Search code examples
pythonhtml-parsing

Extracting text with parent tag type from HTML using Python


I'm looking to extract text and element type from some HTML. For example:

<div>
    some text
    <h1>some header</h1>
    some more text
</div>

Should give:

[{'tag':'div', 'text':'some text'}, {'tag':'h1', 'text':'some header'}, {'tag':'div', 'text':'some more text'}]

How can I parse through the HTML to extract this information?

I've tried using BeautifulSoup and am able to extract the information for one level in the HTML, like this:

soup = BeautifulSoup(html, features='html.parser')

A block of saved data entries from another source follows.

(* Let $F$ be a Boolean formula over $n$ variables and let $1\le m\le n$. If $|\mathrm{Sol}(F)| \le 2^{m-2}$, then $\varphi_{stock}^F(m)$ is true.
   Context: $\mathrm{Sol}(F)\subseteq\{0,1\}^n$ denotes the set of satisfying assignments of $F$. For $n,m,k\ge 1$, $\mathcal{H}(n,m,k)$ denotes a fixed explicit $k$-wise independent family of hash functions $\{0,1\}^n\to\{0,1\}^m$: for $h$ drawn uniformly from $\mathcal{H}(n,m,k)$, all distinct $y_1,\dots,y_k\in\{0,1\}^n$ and all $\alpha_1,\dots,\alpha_k\in\{0,1\}^m$, $\Pr[h(y_1)=\alpha_1\wedge\cdots\wedge h(y_k)=\alpha_k]=2^{-mk}$. The statement $\varphi_{stock}^F(m)$ means: there exist $h_1,\dots,h_m\in\mathcal{H}(n,m,2)$ such that for every $z_1\in\mathrm{Sol}(F)$ there is an index $i\in\{1,\dots,m\}$ such that no $z_2\in\mathrm{Sol}(F)$ with $z_2\neq z_1$ satisfies $h_i(z_2)=h_i(z_1)$. *)

theory Defs
  imports Complex_Main
begin

text \<open>Boolean formulas over propositional variables indexed by natural numbers.
  An assignment in {0,1}^n is a bool list of length n (variable i is position i).\<close>

datatype form = FVar nat | FTrue | FFalse | FNot form | FAnd form form | FOr form form

fun fvars :: "form \<Rightarrow> nat set" where
  "fvars (FVar i) = {i}"
| "fvars FTrue = {}"
| "fvars FFalse = {}"
| "fvars (FNot f) = fvars f"
| "fvars (FAnd f g) = fvars f \<union> fvars g"
| "fvars (FOr f g) = fvars f \<union> fvars g"

fun feval :: "bool list \<Rightarrow> form \<Rightarrow> bool" where
  "feval x (FVar i) = x ! i"
| "feval x FTrue = True"
| "feval x FFalse = False"
| "feval x (FNot f) = (\<not> feval x f)"
| "feval x (FAnd f g) = (feval x f \<and> feval x g)"
| "feval x (FOr f g) = (feval x f \<or> feval x g)"

definition formula_over :: "nat \<Rightarrow> form \<Rightarrow> bool" where
  "formula_over n F \<longleftrightarrow> fvars F \<subseteq> {..<n}"

definition Sol :: "nat \<Rightarrow> form \<Rightarrow> bool list set" where
  "Sol n F = {x. length x = n \<and> feval x F}"

definition kwise_indep_family ::
  "(bool list \<Rightarrow> bool list) set \<Rightarrow> nat \<Rightarrow> nat \<Rightarrow> nat \<Rightarrow> bool" where
  "kwise_indep_family H n m k \<longleftrightarrow>
     finite H \<and> H \<noteq> {} \<and>
     (\<forall>h\<in>H. \<forall>y. length y = n \<longrightarrow> length (h y) = m) \<and>
     (\<forall>ys as. length ys = k \<and> distinct ys \<and> (\<forall>y\<in>set ys. length y = n) \<and>
        length as = k \<and> (\<forall>a\<in>set as. length a = m) \<longrightarrow>
        real (card {h\<in>H. \<forall>i<k. h (ys ! i) = as ! i}) / real (card H)
          = 2 powr (- real (m * k)))"

definition phi_stock ::
  "(bool list \<Rightarrow> bool list) set \<Rightarrow> nat \<Rightarrow> form \<Rightarrow> nat \<Rightarrow> bool" where
  "phi_stock H n F m \<longleftrightarrow>
     (\<exists>hs. length hs = m \<and> set hs \<subseteq> H \<and>
        (\<forall>z1\<in>Sol n F. \<exists>i<m. \<not> (\<exists>z2\<in>Sol n F. z2 \<noteq> z1 \<and> (hs ! i) z2 = (hs ! i) z1)))"

end

theory Submission
  imports Defs
begin

text \<open>For two distinct solutions, pairwise independence makes a hash function drawn from \<open>H\<close>
  map them to the same value with probability \<open>2^-m\<close>. By a union bound, the expected number of
  elements of a set \<open>R\<close> of solutions that collide with some other solution is at most
  \<open>|R| (|Sol| - 1) / 2^m \<le> |R| / 2\<close> once \<open>|Sol| \<le> 2^(m-1)\<close>. So hash functions can be chosen
  greedily, each at least halving the set of solutions not yet isolated by an earlier one; since
  \<open>|Sol| < 2^m\<close>, after \<open>m\<close> choices every solution is isolated by one of them.\<close>

definition collides :: "'a set \<Rightarrow> ('a \<Rightarrow> 'b) \<Rightarrow> 'a \<Rightarrow> bool" where
  "collides S h z \<longleftrightarrow> (\<exists>z'\<in>S. z' \<noteq> z \<and> h z' = h z)"

lemma sum_card_filter_swap:
  assumes "finite A" "finite B"
  shows "(\<Sum>a\<in>A. card {b\<in>B. P a b}) = (\<Sum>b\<in>B. card {a\<in>A. P a b})"
proof -
  have "(\<Sum>a\<in>A. card {b\<in>B. P a b}) = (\<Sum>a\<in>A. \<Sum>b\<in>B. of_bool (P a b))"
    using assms(2) by (simp add: Int_def)
  also have "\<dots> = (\<Sum>b\<in>B. \<Sum>a\<in>A. of_bool (P a b))"
    by (rule sum.swap)
  also have "\<dots> = (\<Sum>b\<in>B. card {a\<in>A. P a b})"
    using assms(1) by (simp add: Int_def)
  finally show ?thesis .
qed

lemma card_collides_le:
  assumes "finite R" "finite S"
  shows "card {z\<in>R. collides S h z} \<le> (\<Sum>z\<in>R. card {z'\<in>S - {z}. h z' = h z})"
proof -
  have "card {z\<in>R. collides S h z} = (\<Sum>z\<in>R. of_bool (collides S h z))"
    using assms(1) by (simp add: Int_def)
  also have "\<dots> \<le> (\<Sum>z\<in>R. card {z'\<in>S - {z}. h z' = h z})"
  proof (rule sum_mono)
    fix z
    show "of_bool (collides S h z) \<le> card {z'\<in>S - {z}. h z' = h z}"
      using assms(2) by (auto simp: collides_def card_gt_0_iff Suc_le_eq)
  qed
  finally show ?thesis .
qed

lemma exists_hash_few_collisions:
  fixes H :: "('a \<Rightarrow> 'b) set" and N :: nat
  assumes "finite H" "H \<noteq> {}" "finite S" "R \<subseteq> S"
    and collision_bound:
      "\<And>y y'. y \<in> S \<Longrightarrow> y' \<in> S \<Longrightarrow> y \<noteq> y' \<Longrightarrow> card {h\<in>H. h y = h y'} * N \<le> card H"
  shows "\<exists>h\<in>H. card {z\<in>R. collides S h z} * N \<le> card R * (card S - 1)"
proof (rule ccontr)
  assume no_good_hash: "\<not> ?thesis"
  have "finite R"
    using assms(3,4) by (rule finite_subset[rotated])
  have "card H * (card R * (card S - 1)) < (\<Sum>h\<in>H. card {z\<in>R. collides S h z} * N)"
    using no_good_hash sum_strict_mono[of H "\<lambda>_. card R * (card S - 1)"] assms(1,2)
    by (simp add: not_le)
  also have "\<dots> \<le> (\<Sum>h\<in>H. \<Sum>z\<in>R. card {z'\<in>S - {z}. h z' = h z} * N)"
    unfolding sum_distrib_right[symmetric]
    by (intro sum_mono mult_right_mono card_collides_le[OF \<open>finite R\<close> assms(3)]) simp
  also have "\<dots> = (\<Sum>z\<in>R. \<Sum>z'\<in>S - {z}. card {h\<in>H. h z' = h z} * N)"
  proof -
    have "(\<Sum>h\<in>H. \<Sum>z\<in>R. card {z'\<in>S - {z}. h z' = h z} * N)
        = (\<Sum>z\<in>R. (\<Sum>h\<in>H. card {z'\<in>S - {z}. h z' = h z}) * N)"
      by (subst sum.swap) (simp only: sum_distrib_right)
    also have "\<dots> = (\<Sum>z\<in>R. (\<Sum>z'\<in>S - {z}. card {h\<in>H. h z' = h z}) * N)"
      using assms(1,3) by (intro sum.cong refl, subst sum_card_filter_swap) auto
    finally show ?thesis
      by (simp only: sum_distrib_right)
  qed
  also have "\<dots> \<le> (\<Sum>z\<in>R. \<Sum>z'\<in>S - {z}. card H)"
    using assms(4) by (intro sum_mono collision_bound) auto
  also have "\<dots> = card H * (card R * (card S - 1))"
    using assms(3,4) by (simp add: card_Diff_singleton subset_iff)
  finally show False
    by simp
qed

lemma exists_isolating_hashes_if_halving:
  assumes "finite S"
    and halving: "\<And>R. R \<subseteq> S \<Longrightarrow> \<exists>h\<in>H. card {z\<in>R. collides S h z} * 2 \<le> card R"
    and "card S < 2 ^ k"
  shows "\<exists>hs. length hs = k \<and> set hs \<subseteq> H \<and> (\<forall>z\<in>S. \<exists>i<k. \<not> collides S (hs ! i) z)"
proof -
  have "\<exists>hs. length hs = j \<and> set hs \<subseteq> H \<and>
          card {z\<in>S. \<forall>i<j. collides S (hs ! i) z} * 2 ^ j \<le> card S" for j
  proof (induction j)
    case 0
    show ?case
      using \<open>finite S\<close> by (intro exI[of _ "[]"]) (simp add: card_mono)
  next
    case (Suc j)
    then obtain hs where hs: "length hs = j" "set hs \<subseteq> H"
      and bound: "card {z\<in>S. \<forall>i<j. collides S (hs ! i) z} * 2 ^ j \<le> card S"
      by blast
    define R where "R = {z\<in>S. \<forall>i<j. collides S (hs ! i) z}"
    obtain h where "h \<in> H" and h: "card {z\<in>R. collides S h z} * 2 \<le> card R"
      using halving[of R] unfolding R_def by blast
    have "{z\<in>S. \<forall>i<Suc j. collides S ((hs @ [h]) ! i) z} = {z\<in>R. collides S h z}"
      using hs(1) by (auto simp: R_def less_Suc_eq nth_append)
    then have "card {z\<in>S. \<forall>i<Suc j. collides S ((hs @ [h]) ! i) z} * 2 ^ Suc j
        = card {z\<in>R. collides S h z} * 2 * 2 ^ j"
      by simp
    also have "\<dots> \<le> card R * 2 ^ j"
      using h by simp
    also have "\<dots> \<le> card S"
      using bound unfolding R_def .
    finally show ?case
      using hs \<open>h \<in> H\<close> by (intro exI[of _ "hs @ [h]"]) simp
  qed
  then obtain hs where hs: "length hs = k" "set hs \<subseteq> H"
    and bound: "card {z\<in>S. \<forall>i<k. collides S (hs ! i) z} * 2 ^ k \<le> card S"
    by blast
  with \<open>card S < 2 ^ k\<close> have "card {z\<in>S. \<forall>i<k. collides S (hs ! i) z} = 0"
    by (cases "card {z\<in>S. \<forall>i<k. collides S (hs ! i) z}") auto
  then have "\<forall>z\<in>S. \<exists>i<k. \<not> collides S (hs ! i) z"
    using \<open>finite S\<close> by auto
  with hs show ?thesis
    by blast
qed

lemma kwise_indep_familyD:
  assumes "kwise_indep_family H n m k"
    and "length ys = k" "distinct ys" "\<forall>y\<in>set ys. length y = n"
    and "length as = k" "\<forall>a\<in>set as. length a = m"
  shows "real (card {h\<in>H. \<forall>i<k. h (ys ! i) = as ! i}) / real (card H) = 2 powr (- real (m * k))"
  using assms unfolding kwise_indep_family_def by blast

lemma kwise_indep_family_card_pair:
  assumes "kwise_indep_family H n m 2"
    and "length y = n" "length y' = n" "y \<noteq> y'" "length a = m" "length a' = m"
  shows "card {h\<in>H. h y = a \<and> h y' = a'} * 4 ^ m = card H"
proof -
  have "finite H" "H \<noteq> {}"
    using assms(1) by (simp_all add: kwise_indep_family_def)
  have "{h\<in>H. \<forall>i<2. h ([y, y'] ! i) = [a, a'] ! i} = {h\<in>H. h y = a \<and> h y' = a'}"
    by (auto simp: less_2_cases_iff)
  moreover have "real (card {h\<in>H. \<forall>i<2. h ([y, y'] ! i) = [a, a'] ! i}) / real (card H)
      = 2 powr (- real (m * 2))"
    using assms by (intro kwise_indep_familyD) auto
  moreover have "(2::real) powr (- real (m * 2)) = 1 / 4 ^ m"
  proof -
    have "(2::real) powr real (m * 2) = 2 ^ (m * 2)"
      by (rule powr_realpow) simp
    also have "\<dots> = 4 ^ m"
      by (simp add: mult.commute[of m] power_mult)
    finally show ?thesis
      by (simp add: powr_minus divide_inverse)
  qed
  ultimately have "real (card {h\<in>H. h y = a \<and> h y' = a'} * 4 ^ m) = real (card H)"
    using \<open>finite H\<close> \<open>H \<noteq> {}\<close> by (simp add: field_simps card_gt_0_iff)
  then show ?thesis
    by (simp only: of_nat_eq_iff)
qed

lemma kwise_indep_family_card_collision:
  assumes "kwise_indep_family H n m 2" and "length y = n" "length y' = n" "y \<noteq> y'"
  shows "card {h\<in>H. h y = h y'} * 2 ^ m = card H"
proof -
  define A where "A = {a::bool list. length a = m}"
  have "finite A" "card A = 2 ^ m"
    using finite_lists_length_eq[of "UNIV :: bool set" m] card_lists_length_eq[of "UNIV :: bool set" m]
    by (simp_all add: A_def)
  have "finite H" and hash_length: "\<And>h. h \<in> H \<Longrightarrow> length (h y) = m"
    using assms(1,2) by (simp_all add: kwise_indep_family_def)
  have "{h\<in>H. h y = h y'} = (\<Union>a\<in>A. {h\<in>H. h y = a \<and> h y' = a})"
  proof (intro equalityI subsetI)
    fix h
    assume "h \<in> {h\<in>H. h y = h y'}"
    then show "h \<in> (\<Union>a\<in>A. {h\<in>H. h y = a \<and> h y' = a})"
      using hash_length[of h] unfolding A_def by (intro UN_I[of "h y"]) auto
  qed auto
  then have "card {h\<in>H. h y = h y'} = (\<Sum>a\<in>A. card {h\<in>H. h y = a \<and> h y' = a})"
    using \<open>finite A\<close> \<open>finite H\<close> by (simp only:) (rule card_UN_disjoint, auto)
  then have "card {h\<in>H. h y = h y'} * 4 ^ m = 2 ^ m * card H"
    using kwise_indep_family_card_pair[OF assms] \<open>card A = 2 ^ m\<close>
    by (simp add: sum_distrib_right A_def)
  moreover have "(4::nat) ^ m = 2 ^ m * 2 ^ m"
    by (simp flip: power_mult_distrib)
  ultimately show ?thesis
    by simp
qed

lemma kwise_indep_family_halving:
  assumes "kwise_indep_family H n m 2" "finite S" "\<forall>z\<in>S. length z = n" "card S * 2 \<le> 2 ^ m"
    and "R \<subseteq> S"
  shows "\<exists>h\<in>H. card {z\<in>R. collides S h z} * 2 \<le> card R"
proof -
  have "finite H" "H \<noteq> {}"
    using assms(1) by (simp_all add: kwise_indep_family_def)
  then obtain h where "h \<in> H" and h: "card {z\<in>R. collides S h z} * 2 ^ m \<le> card R * (card S - 1)"
    using exists_hash_few_collisions[OF _ _ \<open>finite S\<close> \<open>R \<subseteq> S\<close>, of H "2 ^ m"]
      kwise_indep_family_card_collision[OF assms(1)] assms(3)
    by auto
  have "card {z\<in>R. collides S h z} * 2 * 2 ^ m \<le> card R * ((card S - 1) * 2)"
    using h by simp
  also have "\<dots> \<le> card R * 2 ^ m"
    using assms(4) by (intro mult_left_mono) auto
  finally show ?thesis
    using \<open>h \<in> H\<close> by auto
qed

lemma kwise_indep_family_exists_isolating_hashes:
  assumes "kwise_indep_family H n m 2" "finite S" "\<forall>z\<in>S. length z = n" "card S * 2 \<le> 2 ^ m"
  shows "\<exists>hs. length hs = m \<and> set hs \<subseteq> H \<and> (\<forall>z\<in>S. \<exists>i<m. \<not> collides S (hs ! i) z)"
proof (rule exists_isolating_hashes_if_halving)
  show "finite S"
    by fact
  show "\<exists>h\<in>H. card {z\<in>R. collides S h z} * 2 \<le> card R" if "R \<subseteq> S" for R
    using kwise_indep_family_halving[OF assms that] .
  have "0 < (2::nat) ^ m"
    by simp
  then show "card S < 2 ^ m"
    using assms(4) by linarith
qed

lemma finite_Sol: "finite (Sol n F)"
  using finite_lists_length_eq[of "UNIV :: bool set" n]
  by (rule finite_subset[rotated]) (auto simp: Sol_def)

theorem lemma3p2:
  fixes H :: "(bool list \<Rightarrow> bool list) set" and n m :: nat and F :: form
  assumes "kwise_indep_family H n m 2"
    and "formula_over n F"
    and "1 \<le> m" and "m \<le> n"
    and "real (card (Sol n F)) \<le> 2 powr (real m - 2)"
  shows "phi_stock H n F m"
proof -
  have "2 powr (real m - 2) = (2::real) ^ m / 4"
    by (simp add: powr_diff powr_realpow)
  then have "real (card (Sol n F) * 4) \<le> real (2 ^ m)"
    using assms(5) by simp
  then have "card (Sol n F) * 2 \<le> 2 ^ m"
    by (simp only: of_nat_le_iff)
  moreover have "\<forall>z\<in>Sol n F. length z = n"
    by (simp add: Sol_def)
  ultimately obtain hs where "length hs = m" "set hs \<subseteq> H"
    and "\<forall>z\<in>Sol n F. \<exists>i<m. \<not> collides (Sol n F) (hs ! i) z"
    using kwise_indep_family_exists_isolating_hashes[OF assms(1) finite_Sol] by blast
  then show ?thesis
    unfolding phi_stock_def collides_def by auto
qed

end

for child in soup.findChildren(recursive=False):
    print(child.name)
    for c in child.contents:
        print(c.name)
        print(c.text)

Which gives the following output:

div
None
   text here

h1
some header
None
  more text here

Solution

  • Using lxml and recursion I can do

    text = '''<div>
        some text
        <h1>some header</h1>
        some more text
    </div>
    '''
    
    def display(item):
        print('item:', item)
        print('tag :', item.tag)
        print('text:', item.text.strip())
        tail = item.tail.strip()
        if tail:
            print('tail:', tail, '| parent:', item.getparent().tag)
        
        print('---')
        
        for child in item.getchildren():
            display(child)
            
    import lxml.html
    
    soup = lxml.html.fromstring(text)
    
    display(soup)
    

    Which gives

    item: <Element div at 0x7f2b0ed4b6d0>
    tag : div
    text: some text
    ---
    item: <Element h1 at 0x7f2b0ed3cef0>
    tag : h1
    text: some header
    tail: some more text | parent: div
    ---
    

    It treats some more text as tail of h1 but you can use getparent() to assign it to div


    After small modification

    text = '''<div>
        some text
        <h1>some header</h1>
        some more text
    </div>
    '''
    
    import lxml.html
    
    results = []
    
    def convert(item):
        results.append({'tag': item.tag, 'text': item.text.strip()})
        
        tail = item.tail.strip()
        
        if tail:
            results.append({'tag': item.getparent().tag, 'text': tail})
        
        for child in item.getchildren():
            convert(child)
            
    soup = lxml.html.fromstring(text)
    
    convert(soup)
    
    print(results)
    

    it gives results

    [
       {'tag': 'div', 'text': 'some text'}, 
       {'tag': 'h1', 'text': 'some header'}, 
       {'tag': 'div', 'text': 'some more text'}
    ]